Results and Benefits:

  • 80 % faster median turnaround (from ~48 h to <10 h) between sequencing run completion and QC report delivery.
  • Zero surprise regressions because every code change is covered by on‑push tests against canonical datasets.
  • Self‑service data access for >30 bench scientists via simple HTTPS links; no AWS credentials required.

Lessons Learned:

  • Early investment in tiny “truth” datasets delivers robust testing in minutes and allows for catching edge‑cases quickly.
  • Treating infrastructure as code (Terraform) simplified knowledge transfer and future environment cloning.
  • Serverless components remove maintenance burden but demand thoughtful observability to debug cold‑start latency.

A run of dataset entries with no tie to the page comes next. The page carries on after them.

lemma hoelder_on_add:
  assumes "hoelder_on g A f" "hoelder_on g A h"
  shows "hoelder_on g A (\<lambda>t. f t + h t)"
proof -
  obtain C1 where C1: "\<forall>s\<in>A. \<forall>t\<in>A. \<bar>f t - f s\<bar> \<le> C1 * \<bar>t - s\<bar> powr g"
    using assms(1) unfolding hoelder_on_def by blast
  obtain C2 where C2: "\<forall>s\<in>A. \<forall>t\<in>A. \<bar>h t - h s\<bar> \<le> C2 * \<bar>t - s\<bar> powr g"
    using assms(2) unfolding hoelder_on_def by blast
  have "\<bar>(f t + h t) - (f s + h s)\<bar> \<le> (C1 + C2) * \<bar>t - s\<bar> powr g" if "s \<in> A" "t \<in> A" for s t
    using C1 C2 that by (smt (verit, best) distrib_right)
  then show ?thesis unfolding hoelder_on_def by blast
qed

lemma hoelder_on_cmult:
  assumes "hoelder_on g A f"
  shows "hoelder_on g A (\<lambda>t. c * f t)"
proof -
  obtain C where C: "\<forall>s\<in>A. \<forall>t\<in>A. \<bar>f t - f s\<bar> \<le> C * \<bar>t - s\<bar> powr g"
    using assms unfolding hoelder_on_def by blast
  have "\<bar>c * f t - c * f s\<bar> \<le> (\<bar>c\<bar> * C) * \<bar>t - s\<bar> powr g" if "s \<in> A" "t \<in> A" for s t
  proof -
    have "\<bar>c * f t - c * f s\<bar> = \<bar>c\<bar> * \<bar>f t - f s\<bar>" by (simp add: abs_mult flip: right_diff_distrib)
    also have "\<dots> \<le> \<bar>c\<bar> * (C * \<bar>t - s\<bar> powr g)" using C that by (intro mult_left_mono) auto
    finally show ?thesis by (simp add: mult.assoc)
  qed
  then show ?thesis unfolding hoelder_on_def by blast
qed

lemma hoelder_on_sum:
  assumes "finite I" "\<And>i. i \<in> I \<Longrightarrow> hoelder_on g A (F i)"
  shows "hoelder_on g A (\<lambda>t. \<Sum>i\<in>I. F i t)"
  using assms by (induction I rule: finite_induct) (simp_all add: hoelder_on_const hoelder_on_add)

lemma hoelder_on_cong: "(\<And>t. t \<in> A \<Longrightarrow> f t = h t) \<Longrightarrow> hoelder_on g A f = hoelder_on g A h"
  by (simp add: hoelder_on_def)

lemma hoelder_on_subset: "hoelder_on g A f \<Longrightarrow> B \<subseteq> A \<Longrightarrow> hoelder_on g B f"
  unfolding hoelder_on_def by blast
theorem proposition2:
  fixes F :: "(real^'n) measure"
    and f :: "real^'n \<Rightarrow> real^'n \<Rightarrow> real^'n^'n \<Rightarrow> real"
    and Ms :: "'n config set"
  assumes F: "prob_space F" "sets F = sets borel"
    and f_dens: "\<And>mu S. pos_def S \<Longrightarrow>
        (\<lambda>x. f x mu S) \<in> borel_measurable borel \<and> (\<forall>x. f x mu S \<ge> 0) \<and>
        integral\<^sup>L lborel (\<lambda>x. f x mu S) = 1"
    and valid: "\<And>th. th \<in> Ms \<Longrightarrow> valid_config th"
    and partition: "\<And>th. th \<in> Ms \<Longrightarrow>
        (\<Union>k<K th. Qset th k) = UNIV \<and> disjoint_family_on (Qset th) {..<K th}"
    and f_pos: "\<And>th k. th \<in> Ms \<Longrightarrow> k < K th \<Longrightarrow>
        AE x in F. f x (cmu th k) (cSig th k) > 0"
    and integrable: "\<And>th k. th \<in> Ms \<Longrightarrow> k < K th \<Longrightarrow>
        set_integrable F (Qset th k) (\<lambda>x. ln (cw th k * f x (cmu th k) (cSig th k))) \<and>
        set_integrable F (Qset th k) (\<lambda>x. qs x (th ! k)) \<and>
        set_integrable F (Qset th k) (\<lambda>x. ln (f x (cmu th k) (cSig th k))) \<and>
        set_integrable F (Qset th k) (\<lambda>x. ln (gauss_dens x (cmu th k) (cSig th k))) \<and>
        set_integrable F (Qset th k)
          (\<lambda>x. ln (f x (cmu th k) (cSig th k) / gauss_dens x (cmu th k) (cSig th k)))"
    and C3: "\<And>th k. th \<in> Ms \<Longrightarrow> k < K th \<Longrightarrow>
        (LINT x:Qset th k|F. ln (f x (cmu th k) (cSig th k)))
          - (LINT x:Qset th k|F. ln (gauss_dens x (cmu th k) (cSig th k))) \<ge> 0"
  shows "\<exists>c > 0. \<forall>th \<in> Ms.
           Hcrit F th = c + Lcrit F f th - Lambda F f th \<and> Lambda F f th \<ge> 0"
proof (intro exI[of _ "real CARD('n) / 2 * ln (2 * pi)"] conjI ballI)
  interpret prob_space F by (rule F(1))
  let ?c = "real CARD('n) / 2 * ln (2 * pi)"
  show "?c > 0" using pi_gt3 by simp
  fix th assume th: "th \<in> Ms"
  let ?ln_ratio = "\<lambda>k x. ln (f x (cmu th k) (cSig th k) / gauss_dens x (cmu th k) (cSig th k))"
  have Q_events: "Qset th k \<in> events" for k using Qset_sets_borel F(2) by simp
  have component: "(LINT x:Qset th k|F. qs x (th ! k)) = prob (Qset th k) * ?c
        + (LINT x:Qset th k|F. ln (cw th k * f x (cmu th k) (cSig th k)))
        - (LINT x:Qset th k|F. ?ln_ratio k x)"
      "(LINT x:Qset th k|F. ?ln_ratio k x) \<ge> 0" if k: "k < K th" for k
  proof -
    note th_k = valid_config_nth[OF valid[OF th] k]
    have det_pos: "det (cSig th k) > 0" using pos_def_det_pos th_k(3) .
    show "(LINT x:Qset th k|F. qs x (th ! k)) = prob (Qset th k) * ?c
        + (LINT x:Qset th k|F. ln (cw th k * f x (cmu th k) (cSig th k)))
        - (LINT x:Qset th k|F. ?ln_ratio k x)"
      using integrable[OF th k] f_pos[OF th k] th_k(2) det_pos Q_events
      by (subst th_k(1), intro set_integral_qs) (simp_all add: finite_measure_axioms th_k(1)[symmetric])
    show "(LINT x:Qset th k|F. ?ln_ratio k x) \<ge> 0"
      using integrable[OF th k] f_pos[OF th k] C3[OF th k] det_pos
      by (subst set_integral_ln_divide) (auto elim: eventually_mono intro: gauss_dens_pos)
  qed
  have "(\<Sum>k<K th. prob (Qset th k)) = 1"
    using partition[OF th] Q_events
    by (intro sum_prob_partition) (auto simp: sets_eq_imp_space_eq[OF F(2)])
  moreover have "Hcrit F th = (\<Sum>k<K th. prob (Qset th k)) * ?c + Lcrit F f th - Lambda F f th"
    unfolding Hcrit_def Lcrit_def Lambda_def
    by (simp add: component(1) sum.distrib sum_subtractf sum_distrib_right)
  ultimately show "Hcrit F th = ?c + Lcrit F f th - Lambda F f th" by simp
  show "Lambda F f th \<ge> 0" unfolding Lambda_def by (intro sum_nonneg component(2)) simp
qed

end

By coupling the bioinformatics workflow with cloud‑native automation and a lightweight results‑gateway, Arrayo delivered a reproducible, cost‑effective platform that turns raw sequencing reads into actionable editing‑outcome insights in hours instead of days. The solution empowered our client’s research teams to iterate faster and with greater confidence in their data quality.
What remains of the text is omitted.